Sunday, January 07, 2007

Brooke

I am a master tap dancer.

I have a first draft, right? A first draft I wrote with my eyes half closed, speeding along, afraid to look at what I was doing. And now that it’s come time to revise, I find that I am doing a lot of reading, a lot of thinking, a lot of studying… and not a whole lot of writing.

Mind you, my family has bought into this. My husband and my father are both asking me when I’ll be done. There’s an agent in New York – yes, that agent – who’s waiting for me to send it to her. And I am waiting on me, too. I am waiting to do what I have always wanted to do: write a book I would love to read.

So what’s the problem? Fear. I am afraid that while I am a good writer, even a great one, I am not a particularly good storyteller. I am afraid I never will be. I am afraid that writing a novel is beyond me, that it’s too complex, there are too many moving pieces. I have no idea how I finished the other three, except that none of them are in good shape. I feel like Sisyphus. Will I ever get one in a state where it doesn’t fail? Where I’m proud of it?

Most of all, I am afraid that I don’t see what other people see in my writing. And since I can’t tell the wheat from the chaff, I don’t know what to keep in Draft 2 and what to jettison.

Thisshows up in every main character I’ve ever written. I don’t understand them; I have no idea what drives them. They’re not nearly as real to me as my supporting cast. Heidi told me once to make them me, more me than I am, even. So far I haven’t managed it.

So the success I’ve had feels like a fluke, like the emperor’s new clothes. And instead of taking off my tap shoes and getting to work, I’m still shuffling off to Buffalo: reading about writing, instead of knuckling down and doing the work. Still letting my fear stop me.

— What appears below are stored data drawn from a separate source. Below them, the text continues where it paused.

(* Let $\mathcal{H}$ be a finite-dimensional Hilbert space of dimension $D_{\mathcal{H}}$, let $f$, $\mathcal{F}$, $H$ be operators on $\mathcal{H}$, and for real $\beta,\tau$ set $\Phi=e^{-\tau\mathcal{F}}e^{-\beta H}/\mathrm{tr}(e^{-\tau\mathcal{F}}e^{-\beta H})$ (assuming the denominator is nonzero). Then for nonnegative integers $m_1,m_2$ with $m=m_1+m_2$, $$\frac{\partial^{m_2}}{\partial\beta^{m_2}}\frac{\partial^{m_1}}{\partial\tau^{m_1}}\mathrm{tr}(f\Phi)=(-1)^m\,\mathrm{tr}_{\mathcal{H}^{\otimes(m+1)}}\Big(f^{(0)}\mathcal{F}^{(1)}\cdots\mathcal{F}^{(m_1)}\,\Phi^{\otimes(m+1)}\,H^{(m_1+1)}H^{(m_1+2)}\cdots H^{(m)}\Big),$$ and consequently at $\beta=\tau=0$, $$\frac{\partial^{m_2}}{\partial\beta^{m_2}}\frac{\partial^{m_1}}{\partial\tau^{m_1}}\mathrm{tr}(f\Phi)\Big|_{\beta=\tau=0}=(-1)^m\big\langle\!\big\langle f^{(0)}\mathcal{F}^{(1)}\cdots\mathcal{F}^{(m_1)}H^{(m_1+1)}\cdots H^{(m)}\big\rangle\!\big\rangle_{m+1}.$$
   Context: On $\mathcal{H}^{\otimes(m+1)}=\mathcal{H}_1\otimes\cdots\otimes\mathcal{H}_{m+1}$, $\langle\langle\cdot\rangle\rangle_{q}:=\mathrm{tr}_{\mathcal{H}^{\otimes q}}(\cdot)/\mathrm{tr}_{\mathcal{H}^{\otimes q}}(\hat1)$. For an operator $O$ on $\mathcal{H}$, $O_{\mathcal{H}_s}$ is $O$ acting on the $s$-th copy and identity elsewhere, $O^{(0)}=O_{\mathcal{H}_1}$, $O^{(s)}=O_{\mathcal{H}_1}+\cdots+O_{\mathcal{H}_s}-sO_{\mathcal{H}_{s+1}}$ for $s=1,\dots,m$. *)

theory Defs
  imports "HOL-Analysis.Derivative" "Jordan_Normal_Form.Matrix"
begin

text \<open>Operators on an n-dimensional Hilbert space are complex n x n matrices.
 Operators on the q-fold tensor power are (n^q) x (n^q) matrices, with the
 tensor (Kronecker) product below (first factor = most significant index).\<close>

definition mtrace :: "complex mat \<Rightarrow> complex" where
  "mtrace A = (\<Sum>i<dim_row A. A $$ (i,i))"

definition kron :: "complex mat \<Rightarrow> complex mat \<Rightarrow> complex mat" where
  "kron A B = mat (dim_row A * dim_row B) (dim_col A * dim_col B)
     (\<lambda>(i,j). A $$ (i div dim_row B, j div dim_col B) * B $$ (i mod dim_row B, j mod dim_col B))"

fun tens_pow :: "nat \<Rightarrow> complex mat \<Rightarrow> complex mat" where
  "tens_pow 0 A = 1\<^sub>m 1"
| "tens_pow (Suc q) A = kron A (tens_pow q A)"

text \<open>O acting on the s-th copy (1-based, 1 \<le> s \<le> q) of H^{\<otimes> q}, identity elsewhere.\<close>
definition op_on :: "nat \<Rightarrow> nat \<Rightarrow> nat \<Rightarrow> complex mat \<Rightarrow> complex mat" where
  "op_on n q s X = kron (1\<^sub>m (n ^ (s - 1))) (kron X (1\<^sub>m (n ^ (q - s))))"

definition op_sup :: "nat \<Rightarrow> nat \<Rightarrow> nat \<Rightarrow> complex mat \<Rightarrow> complex mat" where
  "op_sup n q s X = (if s = 0 then op_on n q 1 X else
     foldr (+) (map (\<lambda>r. op_on n q r X) [1..<s+1]) (0\<^sub>m (n ^ q) (n ^ q)) - of_nat s \<cdot>\<^sub>m op_on n q (s + 1) X)"

definition mat_prod_list :: "nat \<Rightarrow> complex mat list \<Rightarrow> complex mat" where
  "mat_prod_list N xs = foldr (*) xs (1\<^sub>m N)"

definition mexp :: "complex mat \<Rightarrow> complex mat" where
  "mexp A = mat (dim_row A) (dim_col A)
     (\<lambda>(i,j). \<Sum>k. (A ^\<^sub>m k) $$ (i,j) / of_nat (fact k))"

I know what I need to do: get on a schedule and stick to it, so the muse will know when to show up. I know what I need to do: reread the damn thing, come up with an outline, figure out what I’m writing about (and for once and all, who I’m writing about, because Demeter is so much clearer to me than Persephone is), and start writing the stuff that needs to be written.

And writing this has made me realize what a ridiculous fear this is. Yeah, writing a novel is a lot of work. There are a lot of balls to keep in the air. But I’ve done it before, and I am learning my craft. And what’s the worst thing that can happen? Not writing, that’s what. Even the worst day writing is better than the best day not writing, simply on the neurosis factor alone. If I keep working on it, eventually I’ll get it. I just need to sit myself down and do the work. Not to be all Pollyanna, but damn. I do know how to belabor a fear.